From   Mustafa Hirji <mustafa.hirji@mail.utoronto.ca>
To   "statalist@hsphsun2.harvard.edu" <statalist@hsphsun2.harvard.edu>
Subject   st: Pseudorandom Number from Supplied Table of Probabilities (Equivalent of SAS Rand("Table") Function)
Date   Mon, 6 Aug 2012 12:51:19 +0000

Greetings,

I would like to select one number from a a pre-defined set, where the probability of selecting each number is known. The analogous case if my set had only two numbers would be a Bernoulli event which would be the equivalent of using

rbinomial(1, p)  

where p is the probability of one of the events (and, obviously, (1-p) being the probability of the other).

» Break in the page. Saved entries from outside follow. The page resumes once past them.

lemma symmetric_density_tail_gap:
  assumes h: "real_density h" and conn: "connected {v. 0 < h v}"
    and refl: "\<And>w. h (2 * c - w) = h w" and "0 < c" and r: "is_CF r"
  obtains s where "0 < s" "0 < r s" "integral {2 * c + s<..} h < integral {s<..} h"
proof -
  obtain \<eta> where \<eta>: "0 < \<eta>" "\<And>z. z \<in> {c - \<eta>..c + \<eta>} \<Longrightarrow> 0 < h z"
    using symmetric_density_pos_near_center[OF h conn refl] by blast
  define \<delta> where "\<delta> = min \<eta> (c / 2)"
  have \<delta>: "0 < \<delta>" "\<delta> < c" using \<eta>(1) \<open>0 < c\<close> by (auto simp: \<delta>_def)
  obtain s where s: "0 < s" "s < c - \<delta>" "0 < r s"
    using is_CF_pos_near_0[OF r] \<delta> by (metis diff_gt_0_iff_gt)
  have "integral {2 * c + s<..} h < integral {s<..} h"
  proof (rule real_density_tail_strict_antimono[OF h])
    show "{c - \<delta>..c + \<delta>} \<subseteq> {s<..2 * c + s}" using s \<delta> by auto
    have "\<delta> \<le> \<eta>" by (simp add: \<delta>_def)
    then show "0 < h z" if "z \<in> {c - \<delta>..c + \<delta>}" for z
      using that by (intro \<eta>(2)) auto
  qed (use s \<delta> \<open>0 < c\<close> in auto)
  with s show ?thesis using that by blast
qed

lemma symmetric_RUM_CF_reflect:
  assumes "symmetric_RUM_CF u g" "x \<noteq> y"
  shows "g x y (2 * (u x - u y) - w) = g x y w"
  using assms unfolding symmetric_RUM_CF_def by (blast intro: reflect_of_symmetric_about)

lemma is_RUM_swap_eq_shift:
  assumes "is_RUM u g" "symmetric_RUM_CF u g" "x \<noteq> y"
  shows "g y x w = g x y (2 * (u x - u y) + w)"
proof -
  have "g y x w = g x y (- w)"
    using assms(1,3) unfolding is_RUM_def by metis
  also have "\<dots> = g x y (2 * (u x - u y) + w)"
    using symmetric_RUM_CF_reflect[OF assms(2,3), of "- w"] by simp
  finally show ?thesis .
qed

lemma rationalizes_cdf_pos:
  assumes "rationalizes u g r D p f" "is_SCF D p" "(x, y) \<in> D" "real_density (g x y)" "0 < t"
  shows "cdf_pos (f x y) t = integral {rinv r t<..} (g x y) / p x y"
proof -
  have "cdf_real (g x y) 0 = p y x"
    and F: "(1 - cdf_real (g x y) (rinv r t)) / (1 - cdf_real (g x y) 0) = cdf_pos (f x y) t"
    using assms(1,3,5) unfolding rationalizes_def by auto
  moreover have "p x y + p y x = 1" using assms(2,3) unfolding is_SCF_def by auto
  ultimately have "1 - cdf_real (g x y) 0 = p x y" by linarith
  moreover have "1 - cdf_real (g x y) (rinv r t) = integral {rinv r t<..} (g x y)"
    using cdf_real_eq_1_minus_tail[OF assms(4)] by simp
  ultimately show ?thesis using F by simp
qed

lemma q_FSD_cdf_pos_iff:
  "q_FSD (cdf_pos f) q (cdf_pos h) \<longleftrightarrow> (\<forall>t>0. cdf_pos f t \<le> q * cdf_pos h t)"
  unfolding q_FSD_def by (auto simp: cdf_pos_def le_less)

theorem proposition4:
  fixes D :: "('a::finite \<times> 'a) set"
    and p :: "'a \<Rightarrow> 'a \<Rightarrow> real"
    and f :: "'a \<Rightarrow> 'a \<Rightarrow> real \<Rightarrow> real"
    and u :: "'a \<Rightarrow> real"
    and g :: "'a \<Rightarrow> 'a \<Rightarrow> real \<Rightarrow> real"
    and r :: "real \<Rightarrow> real"
  assumes D_sub: "D \<subseteq> {(x, y). x \<noteq> y}"
    and D_ne: "D \<noteq> {}"
    and D_sym: "\<forall>(x, y)\<in>D. (y, x) \<in> D"
    and SCFRT: "is_SCF_RT D p f"
    and RUMCF: "is_RUM_CF u g r"
    and symm: "symmetric_RUM_CF u g"
    and rat: "rationalizes u g r D p f"
    and xy: "(x, y) \<in> D"
  shows "(u x \<ge> u y \<longrightarrow> q_FSD (cdf_pos (f y x)) (p x y / p y x) (cdf_pos (f x y)))
       \<and> (u x > u y \<longrightarrow> q_SFSD (cdf_pos (f y x)) (p x y / p y x) (cdf_pos (f x y)))"
proof -
  have xy': "x \<noteq> y" "(y, x) \<in> D" using D_sub D_sym xy by auto
  have RUM: "is_RUM u g" and CF: "is_CF r" using RUMCF by (auto simp: is_RUM_CF_def)
  have SCF: "is_SCF D p" using SCFRT by (simp add: is_SCF_RT_def)
  define h c where "h = g x y" and "c = u x - u y"
  have h: "real_density h" "connected {v. 0 < h v}" and dens_yx: "real_density (g y x)"
    using RUM xy'(1) unfolding is_RUM_def h_def by (metis, metis, metis)
  have refl: "h (2 * c - w) = h w" for w
    using symmetric_RUM_CF_reflect[OF symm xy'(1)] by (simp add: h_def c_def)
  have p: "0 < p x y" "0 < p y x" using SCF xy xy'(2) by (auto simp: is_SCF_def)
  have Fxy: "p x y / p y x * cdf_pos (f x y) t = integral {rinv r t<..} h / p y x" if "0 < t" for t
    using rationalizes_cdf_pos[OF rat SCF xy _ that] h(1) p by (simp add: h_def)
  have Fyx: "cdf_pos (f y x) t = integral {2 * c + rinv r t<..} h / p y x" if "0 < t" for t
    using rationalizes_cdf_pos[OF rat SCF xy'(2) dens_yx that] integral_tail_shift[OF h(1)]
      is_RUM_swap_eq_shift[OF RUM symm xy'(1)] by (simp add: h_def c_def)
  \<comment> \<open>\<open>rinv r t\<close> is a junk value when \<open>t\<close> is not a value of \<open>r\<close>; harmless here, as the
    tails compare at every point.\<close>
  have FSD: "q_FSD (cdf_pos (f y x)) (p x y / p y x) (cdf_pos (f x y))" if "0 \<le> c"
    unfolding q_FSD_cdf_pos_iff
    using Fxy Fyx real_density_tail_antimono[OF h(1)] that p by (simp add: divide_right_mono)
  show ?thesis
  proof (intro conjI impI)
    show "q_FSD (cdf_pos (f y x)) (p x y / p y x) (cdf_pos (f x y))" if "u y \<le> u x"
      using FSD that by (simp add: c_def)
    assume "u y < u x"
    then have "0 < c" by (simp add: c_def)
    then obtain s where s: "0 < s" "0 < r s" "integral {2 * c + s<..} h < integral {s<..} h"
      using symmetric_density_tail_gap[OF h refl _ CF] by blast
    then have "cdf_pos (f y x) (r s) < p x y / p y x * cdf_pos (f x y) (r s)"
      using Fxy Fyx rinv_apply[OF CF] p by (simp add: divide_strict_right_mono)
    then show "q_SFSD (cdf_pos (f y x)) (p x y / p y x) (cdf_pos (f x y))"
      using FSD \<open>0 < c\<close> s(2) unfolding q_SFSD_def by (auto intro: less_imp_le)
  qed
qed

I am writing code where my set will be larger than just two items, however.

SAS has a function 

rand("table", p1, p2, …, pn)

that does this as is explained on this page (click "Tabled Distribution" from the contents list):

http://support.sas.com/documentation/cdl/en/lrdict/64316/HTML/default/viewer.htm#a001466748.htm 

1.  Is there anything similar in Stata. I cannot find anything.

2.  If not, how do you recommend I implement this? I have to thoughts:

(a)	manufacture a dataset with 100,000 observations (or any large number), populate a single variable from my set in proportions corresponding to the probability, shuffle it, and then randomly sample one observation. There's a slight loss of precision here, and it's inelegant in that I'd need to save my current dataset to create this one, and I have a few hundred cases where I need to run this. 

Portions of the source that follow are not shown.